Phosphorus is a dominant environmental factor in fostering eutrophication, and its biogeochemical behavior has attracted much attention. This study investigated the distribution of phosphorus fractions and the adsorption-desorption characteristic in the soils of wetlands converted from paddy fields with a restoration duration of 1, 2, 3, 5, 13, or 19 years. The results demonstrated the content of total phosphorus (TP) first increased, which was then reversed until the process stabilized after 5 restoration years. Labile inorganic phosphorus (L-Pi), labile organic phosphorus (L-Po), iron-aluminum–bound phosphorus (Fe.Al-P), and humic phosphorus (Hu-P) peaked at 1–3 restoration years, respectively, while moderately labile organic phosphorus (Ml-Po), calcium-magnesium–bound phosphorus (Ca.Mg-P), and residual phosphorus (Re-P) decreased within 0–5 restoration years.

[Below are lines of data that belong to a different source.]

lemma rank_le_mono:
  assumes "rank_le t A" and "t \<le> t'"
  shows "rank_le t' A"
proof -
  obtain F G where A: "\<And>i k. A i k = (\<Sum>l<t. F i l * G k l)"
    using assms(1) unfolding rank_le_def by metis
  have "A i k = (\<Sum>l<t'. F i l * (if l < t then G k l else 0))" for i k
    unfolding A using assms(2) by (intro sum.mono_neutral_cong_left) auto
  then show ?thesis
    unfolding rank_le_def by (intro exI[of _ F] exI[of _ "\<lambda>k l. if l < t then G k l else 0"]) simp
qed

lemma rank_le_const: "rank_le 1 (\<lambda>i k. c)"
  using rank_le_card[of "{()}" "\<lambda>_ _. c" "\<lambda>_ _. 1"] by simp

lemma rank_le_zero: "rank_le 0 (\<lambda>i k. 0)"
  unfolding rank_le_def by simp

lemma rank_le_scale:
  assumes "rank_le t A"
  shows "rank_le t (\<lambda>i k. c * A i k)"
proof -
  obtain F G where A: "\<And>i k. A i k = (\<Sum>l<t. F i l * G k l)"
    using assms unfolding rank_le_def by metis
  have "c * A i k = (\<Sum>l<t. (c * F i l) * G k l)" for i k
    unfolding A by (simp add: sum_distrib_left mult.assoc)
  then show ?thesis
    unfolding rank_le_def by (intro exI[of _ "\<lambda>i l. c * F i l"] exI[of _ G]) simp
qed

lemma rank_le_add:
  assumes "rank_le t A" and "rank_le t' A'"
  shows "rank_le (t + t') (\<lambda>i k. A i k + A' i k)"
proof -
  obtain F G F' G' where
    A: "\<And>i k. A i k = (\<Sum>l<t. F i l * G k l)" and A': "\<And>i k. A' i k = (\<Sum>l<t'. F' i l * G' k l)"
    using assms unfolding rank_le_def by metis
  define S where "S = {..<t} <+> {..<t'}"
  have eq: "(\<lambda>i k. A i k + A' i k) =
      (\<lambda>i k. \<Sum>x\<in>S. case_sum (F i) (F' i) x * case_sum (G k) (G' k) x)"
    unfolding S_def A A' by (simp add: sum.Plus comp_def)
  have "rank_le (card S) (\<lambda>i k. A i k + A' i k)"
    unfolding eq by (rule rank_le_card) (simp add: S_def)
  moreover have "card S = t + t'"
    unfolding S_def using card_Plus[of "{..<t}" "{..<t'}"] by simp
  ultimately show ?thesis
    by metis
qed

lemma rank_le_mult:
  assumes "rank_le t A" and "rank_le t' A'"
  shows "rank_le (t * t') (\<lambda>i k. A i k * A' i k)"
proof -
  obtain F G F' G' where
    A: "\<And>i k. A i k = (\<Sum>l<t. F i l * G k l)" and A': "\<And>i k. A' i k = (\<Sum>l<t'. F' i l * G' k l)"
    using assms unfolding rank_le_def by metis
  define S where "S = {..<t} \<times> {..<t'}"
  have eq: "(\<lambda>i k. A i k * A' i k) =
      (\<lambda>i k. \<Sum>x\<in>S. (F i (fst x) * F' i (snd x)) * (G k (fst x) * G' k (snd x)))"
    unfolding S_def A A' sum_product sum.cartesian_product by (simp add: case_prod_beta mult_ac)
  have "rank_le (card S) (\<lambda>i k. A i k * A' i k)"
    unfolding eq by (rule rank_le_card) (simp add: S_def)
  moreover have "card S = t * t'"
    unfolding S_def by (simp add: card_cartesian_product)
  ultimately show ?thesis
    by metis
qed

lemma rank_le_power:
  assumes "rank_le t A"
  shows "rank_le (t ^ e) (\<lambda>i k. A i k ^ e)"
proof (induction e)
  case 0
  show ?case
    using rank_le_const[of 1] by simp
next
  case (Suc e)
  show ?case
    using rank_le_mult[OF assms Suc.IH] by simp
qed

lemma rank_le_sum:
  assumes "finite P" and "\<And>p. p \<in> P \<Longrightarrow> rank_le (t p) (A p)"
  shows "rank_le (\<Sum>p\<in>P. t p) (\<lambda>i k. \<Sum>p\<in>P. A p i k)"
  using assms by (induction P rule: finite_induct) (simp_all add: rank_le_zero rank_le_add)

section \<open>Truncated alternating binomial sums\<close>

lemma prime_dvd_choose_prime_power:
  assumes "prime p" and "0 < j" and "j < p ^ k"
  shows "p dvd (p ^ k choose j)"
proof (rule ccontr)
  assume "\<not> p dvd (p ^ k choose j)"
  then have "coprime (p ^ k) (p ^ k choose j)"
    using assms(1) by (simp add: prime_imp_coprime coprime_commute)
  moreover have "p ^ k dvd j * (p ^ k choose j)"
    using times_binomial_minus1_eq[OF assms(2), of "p ^ k"] by simp
  ultimately have "p ^ k dvd j"
    using coprime_dvd_mult_left_iff by blast
  with assms(2,3) show False
    by (simp add: nat_dvd_not_less)
qed

lemma choose_add_prime_power_cong:
  assumes "prime p" and "a < p ^ k"
  shows "[(s + p ^ k) choose a = s choose a] (mod p)"
proof -
  have "(s + p ^ k) choose a = (\<Sum>j\<le>a. (p ^ k choose j) * (s choose (a - j)))"
    using vandermonde[of "p ^ k" s a] by (simp add: add.commute)
  also have "\<dots> = (s choose a) + (\<Sum>j\<in>{1..a}. (p ^ k choose j) * (s choose (a - j)))"
    by (simp add: atMost_atLeast0 sum.atLeast_Suc_atMost)
  also have "[\<dots> = (s choose a) + 0] (mod p)"
    using prime_dvd_choose_prime_power[OF assms(1)] assms(2)
    by (intro cong_add cong_refl) (auto simp: cong_0_iff intro!: dvd_sum)
  finally show ?thesis
    by simp
qed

During the 5th to 19th restoration years, the contents of all phosphorus fractions stabilized within a minor fluctuating range. Redundancy analysis (RDA) results indicated that total nitrogen (TN) and soil organic matter (SOM) are the important environmental factors controlling redistribution of phosphorus fractions. The capability of restored wetlands to retain phosphorus increased first and then decreased with the extension of the restoration duration. Path analysis (PA) results demonstrated that pH, TN, and Fe are the primary factors for the capacity of soil to retain phosphorus, followed by SOM, Mn, and electrical conductivity(EC). Fe.Al-P and Hu-P had a higher release risk with approximate amounts of 197.25–337.25 and 113.28–185.72 mg/kg during the first stage of restoration, which needs to be focused.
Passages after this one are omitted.